При награждениях много значили личные отношения — с командиром полка, с замполитом, комбатом, с политруком батальона. Да еще трофеи хорошие преподнесут, это тоже имело значение. Нам, полевым офицерам, недосуг было такими делами заниматься, потому-то и вышли мы из войны, кто остался живым, с двумя-тремя орденами. У меня за всю войну три ордена — два Красной Звезды и Отечественной войны II степени. Звезда — за серию боев: в одном бою две пушки раздавил, в другом три танка подбил. Всего-то я подбил 19 танков и сжег 12, в том числе восемь «тигров» и одну «пантеру». За «комплекс боев» дали и вторую Звезду, и третий орден — Отечественной войны II степени.

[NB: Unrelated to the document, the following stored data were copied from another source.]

text \<open>If A_{W,W} is invertible, then every vector splits along span W and its complement:
  the map a \<mapsto> (a^T A)|_W is injective on the finite set Pow W, hence onto, so every x
  agrees on W with some a in span W, and x + a lies in the complement.\<close>
lemma nondeg_reducible:
  assumes fV: "finite V" and WV: "W \<subseteq> V" and nd: "nondeg_on A W"
  shows "reducible V A W"
proof -
  have fW: "finite W" using fV WV finite_subset by blast
  define F where "F a = {w\<in>W. row_entry A a w = 1}" for a
  have F_eq: "F a = F a' \<longleftrightarrow> (\<forall>w\<in>W. row_entry A (symdiff a a') w = 0)"
    if "finite a" "finite a'" for a a'
  proof -
    have "row_entry A (symdiff a a') w = 0 \<longleftrightarrow> (row_entry A a w = 1 \<longleftrightarrow> row_entry A a' w = 1)"
      for w by (simp only: row_entry_symdiff[OF that] bit_add_eq_0_iff)
    then show ?thesis unfolding F_def set_eq_iff by blast
  qed
  have "inj_on F (Pow W)"
  proof (rule inj_onI)
    fix a a' assume a: "a \<in> Pow W" "a' \<in> Pow W" "F a = F a'"
    have "symdiff a a' \<subseteq> W" using a(1,2) by (intro symdiff_subset) auto
    moreover have "finite a" "finite a'" using a(1,2) fW finite_subset by auto
    ultimately have "symdiff a a' = {}" using nd F_eq a(3) unfolding nondeg_on_def by blast
    then show "a = a'" unfolding symdiff_def by blast
  qed
  then have surj: "F ` Pow W = Pow W"
    by (intro endo_inj_surj) (use fW in \<open>auto simp: F_def\<close>)
  show ?thesis unfolding reducible_def
  proof (intro conjI allI impI)
    fix x assume xV: "x \<subseteq> V"
    have "F x \<in> Pow W" by (auto simp: F_def)
    then obtain a where a: "a \<subseteq> W" "F a = F x" using surj by (metis PowD imageE)
    have "finite a" "finite x" using a(1) xV fW fV finite_subset by auto
    then have "\<forall>w\<in>W. row_entry A (symdiff a x) w = 0" using F_eq a(2) by blast
    moreover have "symdiff a x \<subseteq> V" using a(1) xV WV by (intro symdiff_subset) auto
    ultimately have "symdiff a x \<in> perp V A W" using perp_iff[OF fV fW] by blast
    moreover have "x = symdiff a (symdiff a x)" unfolding symdiff_def by auto
    ultimately show "\<exists>a\<in>Pow W. \<exists>b\<in>perp V A W. x = symdiff a b" using a(1) by blast
  qed (fact WV)
qed

text \<open>For nonsingular A, reducibility forces A_{W,W} to be invertible: a vector r in W
  orthogonal to W is orthogonal to span W + (span W)^perp = everything, so r^T A = 0.\<close>
lemma reducible_nondeg:
  assumes g: "graph V A" and inv: "is_inverse_on V A B" and red: "reducible V A W"
  shows "nondeg_on A W"
  unfolding nondeg_on_def
proof (intro allI impI)
  have fV: "finite V" using graph_finite[OF g] .
  have WV: "W \<subseteq> V" using red unfolding reducible_def by blast
  have fW: "finite W" using fV WV finite_subset by blast
  fix r assume r: "r \<subseteq> W" "\<forall>w\<in>W. row_entry A r w = 0"
  have "row_entry A r v = 0" if v: "v \<in> V" for v
  proof -
    obtain a b where ab: "a \<subseteq> W" "b \<in> perp V A W" "{v} = symdiff a b"
      using red v unfolding reducible_def by blast
    have b: "b \<subseteq> V" "\<forall>w\<in>W. row_entry A b w = 0" using ab(2) perp_iff[OF fV fW] by auto
    have fab: "finite a" "finite b" using ab(1) b(1) fW fV finite_subset by auto
    have "row_entry A r v = bform_bit A r (symdiff a b)" by (simp flip: ab(3))
    also have "\<dots> = bform_bit A r a + bform_bit A b r"
      by (simp add: bform_bit_symdiff[OF fab] bform_bit_sym[OF graph_sym[OF g], where x = r and y = b])
    also have "bform_bit A r a = 0" by (rule bform_bit_zero) (use ab(1) r(2) in blast)
    also have "bform_bit A b r = 0" by (rule bform_bit_zero) (use b(2) r(1) in blast)
    finally show ?thesis by simp
  qed
  then have "row_vec V A r = {}" unfolding row_vec_def by auto
  then have "r = row_vec V B {}" using row_vec_inverse[OF fV inv, of r] r(1) WV by auto
  then show "r = {}" by simp
qed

Смешно сказать, но самый старший орден мне Горбачев дал — Отечественной войны I-й степени, это за ранение.
* * *
Вернулся я от Либмана к своим. Здесь меня ждали. Экипажи накоротке поужинали. Потом я встретился с комбатом и взводным автоматчиком Ваней Журовым, с ними нам предстояло взаимодействовать. Детально согласовали все вопросы на случай встречи с противником при движении к рубежу, прикинули вводные атаки на Выгляндувку, остальное будем уточнять на месте. Затем я забежал в экспедиторскую, для меня было два письма: одно из дома, другое от Василия Васильевича Ишкина из мельниковского полка, в котором я воевал до ранения. Прочесть весточки времени не было, сунул в карман. По пути к самоходке встретил командира 1-й батареи Сергея Дворникова, перебросились несколькими фразами о последних боях, я в двух словах рассказал о бое за Стулино и побоище на шоссе, он поразился:
— Вася, у тебя батарея заколдованная! 2-я батарея вся сгорела, у меня осталось три самоходки, у Истомина — две, а твоя — целехонька!
— Не болтай, Сергей, лишнего! Под Парадубами меня хорошенько хлестануло, вчера крепко потрепали и Бакурова с Ветошкиным, да и Сидорину досталось. А что сегодня у Выгляндувки ждет — одному богу известно. Разведданных еще не взял. Как-то оно все будет?
— Что ж, держитесь. Успеха тебе!
Мы обменялись крепким рукопожатием.
Поручив своему зампотеху Журбенко проверку готовности батареи и инструктаж десантников, я выкроил время прочитать письма. Дома было без изменений. От Ишкина последнее письмо я получил перед выпиской из госпиталя, прошло уже целых четыре месяца. С волнением я вскрыл конверт со штампом «проверено военной цензурой». Судя по тому, что письмо дошло за два дня, мельниковский полк был где-то рядом, тоже в Польше.
Первое, что сообщал Василий Васильевич: командиру взвода нашей батареи Пете Фомичеву посмертно присвоили звание Героя Советского Союза. Чувство у меня от этой новости было двойное, высокое звание это хорошо, но что посмертно... Вспомнил, как лежал он без сознания за башней самоходки с обмотанной бинтами головой, только и видны в щелочки закрытые глаза. Значит, все-таки смертельным было то ранение. Стало так тяжело на сердце, хотя еще тогда я понял, что будет чудом, если он выживет. Также узнал из письма, что наш 1454-й полк награжден еще одним орденом — Суворова III степени. Но были и горькие новости. Погибли ребята из моего экипажа, наводчик Валера Королев, механик-водитель Ваня Герасимов и заряжающий Коля Свиридов. Погибли командиры самоходок: Саша Минин, умер от ран в госпитале Ваня Томин, убит и Николай Самойлов, и многих не стало. «В общем, из тех наших, что участвовали на Курской дуге, в живых осталось очень мало», — сообщал Василий Васильевич. Он еще о чем-то писал, но цензура замазала черной тушью чуть ли не треть письма. Может, зная спаянность нашего экипажа, он писал о подробностях боя, в котором погиб Королев?